** Entries provided follows **

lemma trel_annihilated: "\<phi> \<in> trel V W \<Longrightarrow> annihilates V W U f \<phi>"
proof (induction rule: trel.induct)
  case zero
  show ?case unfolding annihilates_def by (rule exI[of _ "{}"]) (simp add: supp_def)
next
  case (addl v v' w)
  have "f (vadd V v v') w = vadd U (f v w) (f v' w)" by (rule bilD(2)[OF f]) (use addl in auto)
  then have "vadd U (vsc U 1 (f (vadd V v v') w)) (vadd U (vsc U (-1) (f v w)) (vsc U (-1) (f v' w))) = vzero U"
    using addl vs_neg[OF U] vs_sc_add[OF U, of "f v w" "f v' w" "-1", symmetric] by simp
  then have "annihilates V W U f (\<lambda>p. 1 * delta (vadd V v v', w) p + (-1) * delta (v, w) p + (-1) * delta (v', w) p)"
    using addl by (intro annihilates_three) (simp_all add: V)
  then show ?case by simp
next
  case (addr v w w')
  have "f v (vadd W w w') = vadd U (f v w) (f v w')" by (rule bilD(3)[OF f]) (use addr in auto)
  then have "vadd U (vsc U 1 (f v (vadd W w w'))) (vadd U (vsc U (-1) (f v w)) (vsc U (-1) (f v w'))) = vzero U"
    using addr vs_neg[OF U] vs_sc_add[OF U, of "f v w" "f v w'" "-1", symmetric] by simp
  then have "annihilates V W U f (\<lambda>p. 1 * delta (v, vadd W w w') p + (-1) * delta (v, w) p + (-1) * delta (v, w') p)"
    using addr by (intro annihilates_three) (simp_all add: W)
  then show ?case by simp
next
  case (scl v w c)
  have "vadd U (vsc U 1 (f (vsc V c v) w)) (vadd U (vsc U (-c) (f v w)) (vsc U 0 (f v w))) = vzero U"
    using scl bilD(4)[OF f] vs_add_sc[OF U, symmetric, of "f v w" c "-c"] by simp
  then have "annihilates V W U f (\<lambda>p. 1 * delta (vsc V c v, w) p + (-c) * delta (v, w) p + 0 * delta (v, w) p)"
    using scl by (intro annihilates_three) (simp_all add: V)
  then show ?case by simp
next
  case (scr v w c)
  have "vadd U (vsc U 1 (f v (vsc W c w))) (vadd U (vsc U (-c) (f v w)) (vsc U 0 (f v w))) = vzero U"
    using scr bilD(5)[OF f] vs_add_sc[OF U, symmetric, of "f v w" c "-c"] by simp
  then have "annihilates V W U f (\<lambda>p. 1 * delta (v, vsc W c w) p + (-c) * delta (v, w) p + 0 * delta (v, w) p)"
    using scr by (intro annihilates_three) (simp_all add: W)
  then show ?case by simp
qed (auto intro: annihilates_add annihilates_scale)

** End of Entries provided **
** Entries provided follows **

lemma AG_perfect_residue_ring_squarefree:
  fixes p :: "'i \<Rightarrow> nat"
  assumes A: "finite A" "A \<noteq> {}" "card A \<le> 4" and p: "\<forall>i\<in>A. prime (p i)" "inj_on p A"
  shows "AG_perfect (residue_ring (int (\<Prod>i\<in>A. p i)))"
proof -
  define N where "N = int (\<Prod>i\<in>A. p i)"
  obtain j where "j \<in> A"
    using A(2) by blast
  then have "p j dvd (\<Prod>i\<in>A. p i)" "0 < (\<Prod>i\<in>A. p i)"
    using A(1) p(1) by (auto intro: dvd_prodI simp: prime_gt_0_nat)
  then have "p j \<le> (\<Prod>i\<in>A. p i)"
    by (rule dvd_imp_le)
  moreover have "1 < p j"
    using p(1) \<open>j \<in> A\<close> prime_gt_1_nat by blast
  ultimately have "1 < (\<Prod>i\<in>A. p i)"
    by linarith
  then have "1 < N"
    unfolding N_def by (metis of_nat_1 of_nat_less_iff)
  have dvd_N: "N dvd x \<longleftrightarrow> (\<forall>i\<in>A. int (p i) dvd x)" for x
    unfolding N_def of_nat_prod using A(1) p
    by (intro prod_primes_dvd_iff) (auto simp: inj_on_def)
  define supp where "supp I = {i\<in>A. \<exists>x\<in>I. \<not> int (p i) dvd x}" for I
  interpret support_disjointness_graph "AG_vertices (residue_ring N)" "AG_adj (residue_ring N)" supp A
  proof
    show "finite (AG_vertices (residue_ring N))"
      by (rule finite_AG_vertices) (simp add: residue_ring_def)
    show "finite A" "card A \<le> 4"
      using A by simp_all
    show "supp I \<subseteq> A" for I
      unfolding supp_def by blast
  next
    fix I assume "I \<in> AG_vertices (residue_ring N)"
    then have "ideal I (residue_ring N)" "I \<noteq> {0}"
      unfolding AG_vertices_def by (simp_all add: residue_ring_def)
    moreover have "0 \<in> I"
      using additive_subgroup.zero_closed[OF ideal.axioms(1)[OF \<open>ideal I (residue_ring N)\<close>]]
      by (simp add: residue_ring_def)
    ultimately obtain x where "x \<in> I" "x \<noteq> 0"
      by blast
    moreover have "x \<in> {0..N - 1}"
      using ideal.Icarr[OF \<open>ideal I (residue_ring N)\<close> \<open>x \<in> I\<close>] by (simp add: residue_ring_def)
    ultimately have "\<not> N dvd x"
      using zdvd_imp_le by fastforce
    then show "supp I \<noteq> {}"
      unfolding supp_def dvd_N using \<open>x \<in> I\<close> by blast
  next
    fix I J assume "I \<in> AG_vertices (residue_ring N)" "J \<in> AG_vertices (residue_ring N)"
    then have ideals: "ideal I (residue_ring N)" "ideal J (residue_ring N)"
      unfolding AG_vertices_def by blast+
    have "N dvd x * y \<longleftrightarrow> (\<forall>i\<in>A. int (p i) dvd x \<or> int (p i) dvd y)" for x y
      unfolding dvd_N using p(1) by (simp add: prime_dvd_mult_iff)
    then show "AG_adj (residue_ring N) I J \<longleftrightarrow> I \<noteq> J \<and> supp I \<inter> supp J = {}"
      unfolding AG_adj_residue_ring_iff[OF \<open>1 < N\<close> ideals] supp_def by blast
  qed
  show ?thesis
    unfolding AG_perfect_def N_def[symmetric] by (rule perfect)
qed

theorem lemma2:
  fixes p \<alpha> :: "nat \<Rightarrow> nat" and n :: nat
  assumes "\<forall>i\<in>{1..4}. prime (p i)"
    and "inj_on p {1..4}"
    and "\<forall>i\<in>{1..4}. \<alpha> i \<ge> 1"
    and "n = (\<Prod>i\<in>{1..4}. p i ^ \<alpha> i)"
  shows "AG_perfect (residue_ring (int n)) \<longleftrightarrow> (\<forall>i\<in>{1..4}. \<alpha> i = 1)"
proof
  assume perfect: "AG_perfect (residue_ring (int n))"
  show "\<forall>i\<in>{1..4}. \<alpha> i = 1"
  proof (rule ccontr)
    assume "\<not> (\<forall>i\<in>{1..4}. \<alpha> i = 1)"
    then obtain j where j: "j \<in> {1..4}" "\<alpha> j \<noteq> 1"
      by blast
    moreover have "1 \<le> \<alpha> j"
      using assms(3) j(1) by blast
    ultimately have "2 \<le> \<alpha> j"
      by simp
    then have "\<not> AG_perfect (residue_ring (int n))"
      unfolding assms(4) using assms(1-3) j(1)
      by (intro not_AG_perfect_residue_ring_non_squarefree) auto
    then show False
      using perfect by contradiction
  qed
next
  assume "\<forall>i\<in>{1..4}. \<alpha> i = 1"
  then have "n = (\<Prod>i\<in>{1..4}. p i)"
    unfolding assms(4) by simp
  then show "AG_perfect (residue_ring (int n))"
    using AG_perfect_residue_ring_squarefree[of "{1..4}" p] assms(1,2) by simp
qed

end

** End of Entries provided **
** Entries provided follows **

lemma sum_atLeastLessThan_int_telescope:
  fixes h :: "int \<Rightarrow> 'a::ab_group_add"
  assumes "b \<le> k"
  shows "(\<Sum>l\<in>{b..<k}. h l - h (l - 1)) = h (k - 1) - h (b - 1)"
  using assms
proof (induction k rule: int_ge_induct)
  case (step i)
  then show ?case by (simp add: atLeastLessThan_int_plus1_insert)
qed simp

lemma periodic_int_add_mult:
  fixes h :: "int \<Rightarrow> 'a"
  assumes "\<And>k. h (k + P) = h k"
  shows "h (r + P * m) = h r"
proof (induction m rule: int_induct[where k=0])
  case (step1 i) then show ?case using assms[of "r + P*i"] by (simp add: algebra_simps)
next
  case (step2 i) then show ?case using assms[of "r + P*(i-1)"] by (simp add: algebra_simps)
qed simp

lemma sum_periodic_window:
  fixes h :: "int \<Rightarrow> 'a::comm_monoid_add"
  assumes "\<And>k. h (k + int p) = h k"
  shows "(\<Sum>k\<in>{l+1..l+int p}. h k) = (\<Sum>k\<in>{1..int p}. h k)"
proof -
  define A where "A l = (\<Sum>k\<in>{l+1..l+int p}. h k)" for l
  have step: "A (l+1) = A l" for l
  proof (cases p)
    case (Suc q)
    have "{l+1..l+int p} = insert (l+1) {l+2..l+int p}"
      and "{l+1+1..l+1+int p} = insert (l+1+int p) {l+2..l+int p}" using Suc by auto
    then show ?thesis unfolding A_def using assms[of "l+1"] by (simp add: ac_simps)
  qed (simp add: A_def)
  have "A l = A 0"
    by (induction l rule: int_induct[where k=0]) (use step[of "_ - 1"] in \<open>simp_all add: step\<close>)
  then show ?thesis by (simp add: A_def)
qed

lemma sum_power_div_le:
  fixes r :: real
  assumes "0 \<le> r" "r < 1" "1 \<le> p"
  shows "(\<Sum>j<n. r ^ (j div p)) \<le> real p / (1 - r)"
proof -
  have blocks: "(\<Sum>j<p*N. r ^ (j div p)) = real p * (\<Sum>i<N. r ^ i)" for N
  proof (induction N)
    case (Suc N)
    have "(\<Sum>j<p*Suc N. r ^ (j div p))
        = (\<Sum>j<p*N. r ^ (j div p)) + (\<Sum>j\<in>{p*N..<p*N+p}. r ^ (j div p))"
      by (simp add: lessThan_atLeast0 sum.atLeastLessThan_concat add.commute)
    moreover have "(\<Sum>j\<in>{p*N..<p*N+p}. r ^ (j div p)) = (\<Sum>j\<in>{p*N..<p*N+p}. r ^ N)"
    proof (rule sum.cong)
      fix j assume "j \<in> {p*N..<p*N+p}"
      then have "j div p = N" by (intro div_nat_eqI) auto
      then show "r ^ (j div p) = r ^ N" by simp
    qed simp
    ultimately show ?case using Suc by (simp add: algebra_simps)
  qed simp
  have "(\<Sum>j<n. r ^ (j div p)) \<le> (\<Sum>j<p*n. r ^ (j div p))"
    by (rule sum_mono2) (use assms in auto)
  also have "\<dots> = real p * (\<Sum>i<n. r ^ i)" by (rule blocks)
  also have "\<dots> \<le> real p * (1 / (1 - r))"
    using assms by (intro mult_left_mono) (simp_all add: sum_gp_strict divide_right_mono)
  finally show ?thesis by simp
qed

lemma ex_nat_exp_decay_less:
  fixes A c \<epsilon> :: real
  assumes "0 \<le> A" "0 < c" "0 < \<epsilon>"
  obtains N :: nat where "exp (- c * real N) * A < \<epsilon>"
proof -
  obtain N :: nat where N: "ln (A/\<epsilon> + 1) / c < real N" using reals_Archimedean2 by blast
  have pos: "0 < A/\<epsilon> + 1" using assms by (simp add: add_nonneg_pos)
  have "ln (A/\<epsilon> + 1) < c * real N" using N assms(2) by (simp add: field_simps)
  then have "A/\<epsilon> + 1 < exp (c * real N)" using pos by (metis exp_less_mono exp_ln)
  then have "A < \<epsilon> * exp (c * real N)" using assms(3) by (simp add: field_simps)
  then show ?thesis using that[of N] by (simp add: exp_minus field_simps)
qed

** End of Entries provided **

**Directions for this task:** Working from the data above, extract solely the lines from the one containing "V W \<Longrightarrow>" through the one containing "case (addl v v' w)", exactly as they appear, both included.

**Answer box:**
lemma trel_annihilated: "\<phi> \<in> trel V W \<Longrightarrow> annihilates V W U f \<phi>"
proof (induction rule: trel.induct)
  case zero
  show ?case unfolding annihilates_def by (rule exI[of _ "{}"]) (simp add: supp_def)
next
  case (addl v v' w)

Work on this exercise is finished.